(Stored data)
»»

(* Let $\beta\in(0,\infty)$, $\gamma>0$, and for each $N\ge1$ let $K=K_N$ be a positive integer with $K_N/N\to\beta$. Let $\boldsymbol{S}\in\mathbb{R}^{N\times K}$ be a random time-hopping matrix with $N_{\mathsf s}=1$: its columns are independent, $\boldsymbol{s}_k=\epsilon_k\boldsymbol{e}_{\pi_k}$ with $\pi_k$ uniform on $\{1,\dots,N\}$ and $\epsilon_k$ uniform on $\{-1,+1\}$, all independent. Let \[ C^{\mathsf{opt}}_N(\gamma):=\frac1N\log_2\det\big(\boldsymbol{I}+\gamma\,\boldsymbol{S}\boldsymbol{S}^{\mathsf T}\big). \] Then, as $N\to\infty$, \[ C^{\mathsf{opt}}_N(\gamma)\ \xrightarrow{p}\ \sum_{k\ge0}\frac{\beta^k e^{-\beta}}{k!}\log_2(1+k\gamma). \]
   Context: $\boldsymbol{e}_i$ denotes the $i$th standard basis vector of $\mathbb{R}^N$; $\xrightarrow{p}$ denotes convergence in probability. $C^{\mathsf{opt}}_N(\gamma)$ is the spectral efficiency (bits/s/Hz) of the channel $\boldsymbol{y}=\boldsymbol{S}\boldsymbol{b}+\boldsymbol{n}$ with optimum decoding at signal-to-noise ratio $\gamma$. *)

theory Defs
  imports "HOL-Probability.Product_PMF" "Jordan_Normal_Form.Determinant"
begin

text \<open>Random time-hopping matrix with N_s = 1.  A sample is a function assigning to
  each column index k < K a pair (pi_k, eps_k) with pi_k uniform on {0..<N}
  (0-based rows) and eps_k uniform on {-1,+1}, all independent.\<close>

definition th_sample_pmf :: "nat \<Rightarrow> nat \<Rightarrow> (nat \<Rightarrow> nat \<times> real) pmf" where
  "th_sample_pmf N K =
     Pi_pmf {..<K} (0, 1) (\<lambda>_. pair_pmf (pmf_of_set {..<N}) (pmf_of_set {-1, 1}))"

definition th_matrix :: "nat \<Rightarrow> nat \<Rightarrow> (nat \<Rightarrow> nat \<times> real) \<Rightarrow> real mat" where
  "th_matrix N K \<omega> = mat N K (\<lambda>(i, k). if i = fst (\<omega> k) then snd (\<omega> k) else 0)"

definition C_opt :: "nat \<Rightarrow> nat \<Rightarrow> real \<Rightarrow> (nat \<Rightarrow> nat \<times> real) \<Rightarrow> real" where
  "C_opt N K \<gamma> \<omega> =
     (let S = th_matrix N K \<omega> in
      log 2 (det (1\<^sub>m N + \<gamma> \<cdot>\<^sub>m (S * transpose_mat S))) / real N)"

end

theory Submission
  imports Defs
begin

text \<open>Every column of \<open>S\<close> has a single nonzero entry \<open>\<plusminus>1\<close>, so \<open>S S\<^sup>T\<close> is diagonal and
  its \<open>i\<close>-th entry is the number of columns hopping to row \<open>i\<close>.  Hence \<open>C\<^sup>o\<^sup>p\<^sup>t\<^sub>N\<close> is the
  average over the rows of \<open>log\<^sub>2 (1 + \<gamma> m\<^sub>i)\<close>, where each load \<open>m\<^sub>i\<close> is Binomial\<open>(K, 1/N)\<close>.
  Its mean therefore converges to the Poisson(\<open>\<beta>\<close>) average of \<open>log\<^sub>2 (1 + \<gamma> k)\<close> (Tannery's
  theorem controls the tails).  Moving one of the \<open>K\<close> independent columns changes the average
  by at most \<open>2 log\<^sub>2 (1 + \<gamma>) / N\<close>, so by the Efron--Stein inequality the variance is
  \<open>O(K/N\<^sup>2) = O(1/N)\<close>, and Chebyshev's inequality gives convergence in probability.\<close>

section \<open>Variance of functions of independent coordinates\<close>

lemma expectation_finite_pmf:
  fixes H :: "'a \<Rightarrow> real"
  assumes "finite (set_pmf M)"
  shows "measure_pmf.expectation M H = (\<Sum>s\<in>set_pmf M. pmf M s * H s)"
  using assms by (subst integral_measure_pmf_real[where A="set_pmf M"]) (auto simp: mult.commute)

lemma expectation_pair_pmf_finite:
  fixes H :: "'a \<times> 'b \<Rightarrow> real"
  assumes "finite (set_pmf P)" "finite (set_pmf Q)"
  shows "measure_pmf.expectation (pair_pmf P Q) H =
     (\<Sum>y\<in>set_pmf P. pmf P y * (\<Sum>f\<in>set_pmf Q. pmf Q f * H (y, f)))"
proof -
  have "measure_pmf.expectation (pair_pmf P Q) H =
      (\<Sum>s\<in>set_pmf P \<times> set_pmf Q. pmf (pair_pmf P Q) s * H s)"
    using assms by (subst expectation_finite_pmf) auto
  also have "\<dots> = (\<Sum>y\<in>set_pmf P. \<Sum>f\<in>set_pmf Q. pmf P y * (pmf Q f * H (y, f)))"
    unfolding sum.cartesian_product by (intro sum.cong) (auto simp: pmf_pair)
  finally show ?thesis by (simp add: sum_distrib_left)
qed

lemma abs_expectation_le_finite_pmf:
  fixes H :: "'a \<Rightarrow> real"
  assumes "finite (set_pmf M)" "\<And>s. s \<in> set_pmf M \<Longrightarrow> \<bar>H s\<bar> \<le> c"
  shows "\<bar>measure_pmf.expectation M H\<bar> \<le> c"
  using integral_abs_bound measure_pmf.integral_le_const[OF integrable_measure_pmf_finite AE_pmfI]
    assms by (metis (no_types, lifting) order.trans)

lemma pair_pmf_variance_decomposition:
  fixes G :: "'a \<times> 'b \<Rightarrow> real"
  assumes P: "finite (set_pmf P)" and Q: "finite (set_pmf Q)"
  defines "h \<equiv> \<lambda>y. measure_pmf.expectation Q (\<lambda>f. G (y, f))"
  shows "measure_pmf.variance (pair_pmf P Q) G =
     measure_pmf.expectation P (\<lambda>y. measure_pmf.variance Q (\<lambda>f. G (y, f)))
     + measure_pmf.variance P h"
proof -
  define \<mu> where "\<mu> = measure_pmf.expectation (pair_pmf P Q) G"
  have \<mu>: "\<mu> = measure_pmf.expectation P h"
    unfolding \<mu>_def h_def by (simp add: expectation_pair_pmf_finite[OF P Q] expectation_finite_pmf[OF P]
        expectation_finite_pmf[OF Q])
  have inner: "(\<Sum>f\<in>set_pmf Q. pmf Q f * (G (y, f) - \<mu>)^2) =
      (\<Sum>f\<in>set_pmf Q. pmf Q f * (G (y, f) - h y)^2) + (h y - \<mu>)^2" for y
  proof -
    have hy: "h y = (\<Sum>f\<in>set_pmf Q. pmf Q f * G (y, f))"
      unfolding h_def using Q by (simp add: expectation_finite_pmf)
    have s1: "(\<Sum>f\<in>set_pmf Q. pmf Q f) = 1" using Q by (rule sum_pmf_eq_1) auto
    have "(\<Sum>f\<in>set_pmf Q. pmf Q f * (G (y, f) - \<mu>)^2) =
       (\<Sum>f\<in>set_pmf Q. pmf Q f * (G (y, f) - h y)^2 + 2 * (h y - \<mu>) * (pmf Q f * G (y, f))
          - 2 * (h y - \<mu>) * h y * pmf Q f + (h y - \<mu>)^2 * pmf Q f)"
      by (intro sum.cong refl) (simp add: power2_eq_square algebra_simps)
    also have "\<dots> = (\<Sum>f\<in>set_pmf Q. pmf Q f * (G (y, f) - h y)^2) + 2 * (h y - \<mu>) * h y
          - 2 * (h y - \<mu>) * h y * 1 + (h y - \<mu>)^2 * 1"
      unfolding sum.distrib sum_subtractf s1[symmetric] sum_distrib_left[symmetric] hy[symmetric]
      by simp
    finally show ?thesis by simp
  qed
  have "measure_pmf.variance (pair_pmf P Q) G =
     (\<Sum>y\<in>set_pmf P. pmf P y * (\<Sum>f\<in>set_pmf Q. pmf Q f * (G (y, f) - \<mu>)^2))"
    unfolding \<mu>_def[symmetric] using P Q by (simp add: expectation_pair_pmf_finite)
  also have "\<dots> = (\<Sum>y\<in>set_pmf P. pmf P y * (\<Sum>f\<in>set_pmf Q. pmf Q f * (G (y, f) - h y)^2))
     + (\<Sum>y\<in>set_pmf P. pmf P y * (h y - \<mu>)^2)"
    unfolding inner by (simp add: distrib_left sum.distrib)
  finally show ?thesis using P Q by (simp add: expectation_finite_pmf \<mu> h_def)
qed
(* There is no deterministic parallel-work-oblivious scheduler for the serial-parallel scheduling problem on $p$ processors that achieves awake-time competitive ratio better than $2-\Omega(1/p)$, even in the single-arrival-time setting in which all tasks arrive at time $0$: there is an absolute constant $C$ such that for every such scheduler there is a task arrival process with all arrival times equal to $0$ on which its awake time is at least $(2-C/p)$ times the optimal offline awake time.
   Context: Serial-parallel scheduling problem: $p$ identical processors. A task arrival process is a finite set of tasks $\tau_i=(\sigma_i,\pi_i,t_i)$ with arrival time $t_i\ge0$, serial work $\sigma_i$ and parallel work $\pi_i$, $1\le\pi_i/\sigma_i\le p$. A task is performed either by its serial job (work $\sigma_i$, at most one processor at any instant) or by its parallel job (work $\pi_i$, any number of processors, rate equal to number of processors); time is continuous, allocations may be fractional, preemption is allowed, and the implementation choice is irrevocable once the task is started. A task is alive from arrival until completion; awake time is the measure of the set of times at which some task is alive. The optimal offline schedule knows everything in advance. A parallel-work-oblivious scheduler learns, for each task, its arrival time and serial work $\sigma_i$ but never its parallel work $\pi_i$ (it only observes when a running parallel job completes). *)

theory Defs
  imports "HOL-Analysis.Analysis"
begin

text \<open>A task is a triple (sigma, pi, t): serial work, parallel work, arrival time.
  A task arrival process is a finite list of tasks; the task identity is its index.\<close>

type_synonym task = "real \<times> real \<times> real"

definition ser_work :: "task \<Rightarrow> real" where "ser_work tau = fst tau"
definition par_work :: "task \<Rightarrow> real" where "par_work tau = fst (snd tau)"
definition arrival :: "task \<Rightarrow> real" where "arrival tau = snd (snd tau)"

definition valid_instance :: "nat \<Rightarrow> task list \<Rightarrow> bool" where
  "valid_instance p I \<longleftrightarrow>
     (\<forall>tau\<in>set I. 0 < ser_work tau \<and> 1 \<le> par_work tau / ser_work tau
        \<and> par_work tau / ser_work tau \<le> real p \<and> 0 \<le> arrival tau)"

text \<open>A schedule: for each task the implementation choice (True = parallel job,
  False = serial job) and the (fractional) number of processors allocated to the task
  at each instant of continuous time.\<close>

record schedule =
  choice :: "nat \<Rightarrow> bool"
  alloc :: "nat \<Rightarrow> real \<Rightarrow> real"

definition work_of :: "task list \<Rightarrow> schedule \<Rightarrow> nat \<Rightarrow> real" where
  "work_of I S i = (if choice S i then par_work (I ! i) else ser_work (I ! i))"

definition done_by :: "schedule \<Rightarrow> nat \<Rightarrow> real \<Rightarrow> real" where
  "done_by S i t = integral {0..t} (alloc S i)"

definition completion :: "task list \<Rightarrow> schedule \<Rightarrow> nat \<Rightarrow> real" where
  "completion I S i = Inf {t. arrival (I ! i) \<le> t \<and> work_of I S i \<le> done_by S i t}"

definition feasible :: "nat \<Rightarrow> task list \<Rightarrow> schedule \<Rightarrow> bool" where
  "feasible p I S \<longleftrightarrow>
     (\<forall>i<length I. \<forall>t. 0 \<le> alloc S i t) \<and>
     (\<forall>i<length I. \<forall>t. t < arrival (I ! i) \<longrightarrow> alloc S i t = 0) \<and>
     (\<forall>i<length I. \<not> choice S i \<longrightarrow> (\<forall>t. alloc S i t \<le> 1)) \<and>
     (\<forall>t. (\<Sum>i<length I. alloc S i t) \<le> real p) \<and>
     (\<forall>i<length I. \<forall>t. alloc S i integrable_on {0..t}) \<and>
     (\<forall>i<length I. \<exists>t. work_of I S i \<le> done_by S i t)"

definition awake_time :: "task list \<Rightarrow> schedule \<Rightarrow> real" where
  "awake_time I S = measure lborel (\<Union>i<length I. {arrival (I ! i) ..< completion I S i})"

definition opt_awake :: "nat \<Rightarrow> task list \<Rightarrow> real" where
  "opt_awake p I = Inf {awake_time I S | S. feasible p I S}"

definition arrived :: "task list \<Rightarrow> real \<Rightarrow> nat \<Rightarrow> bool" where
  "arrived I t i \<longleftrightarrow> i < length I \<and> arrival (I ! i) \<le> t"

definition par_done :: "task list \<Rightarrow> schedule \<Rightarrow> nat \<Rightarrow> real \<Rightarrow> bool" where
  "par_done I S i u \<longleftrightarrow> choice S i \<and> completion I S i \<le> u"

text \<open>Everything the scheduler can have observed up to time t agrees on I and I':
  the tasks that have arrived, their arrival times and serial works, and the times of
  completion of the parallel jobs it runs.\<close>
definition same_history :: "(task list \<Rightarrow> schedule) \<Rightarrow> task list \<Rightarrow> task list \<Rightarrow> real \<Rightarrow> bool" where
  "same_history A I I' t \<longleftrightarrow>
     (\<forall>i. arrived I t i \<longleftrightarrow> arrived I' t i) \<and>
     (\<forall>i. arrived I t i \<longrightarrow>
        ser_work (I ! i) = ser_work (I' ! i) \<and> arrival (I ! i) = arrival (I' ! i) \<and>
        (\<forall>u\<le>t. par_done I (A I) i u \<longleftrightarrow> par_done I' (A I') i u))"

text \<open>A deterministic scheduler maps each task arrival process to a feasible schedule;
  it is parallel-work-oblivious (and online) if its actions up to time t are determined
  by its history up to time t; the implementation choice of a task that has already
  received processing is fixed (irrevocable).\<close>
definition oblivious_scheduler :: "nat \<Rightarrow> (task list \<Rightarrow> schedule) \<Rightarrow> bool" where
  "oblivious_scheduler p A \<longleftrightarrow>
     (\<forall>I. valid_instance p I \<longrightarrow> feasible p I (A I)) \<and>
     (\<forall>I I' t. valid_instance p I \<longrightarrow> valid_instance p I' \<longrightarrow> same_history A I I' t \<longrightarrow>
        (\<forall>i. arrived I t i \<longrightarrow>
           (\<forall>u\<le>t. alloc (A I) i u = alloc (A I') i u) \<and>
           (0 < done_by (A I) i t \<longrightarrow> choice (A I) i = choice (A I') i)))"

««

Among the lines above, which contain the word "entry"? Copy every one.

> Finished task
text \<open>Every column of \<open>S\<close> has a single nonzero entry \<open>\<plusminus>1\<close>, so \<open>S S\<^sup>T\<close> is diagonal and
  its \<open>i\<close>-th entry is the number of columns hopping to row \<open>i\<close>.  Hence \<open>C\<^sup>o\<^sup>p\<^sup>t\<^sub>N\<close> is the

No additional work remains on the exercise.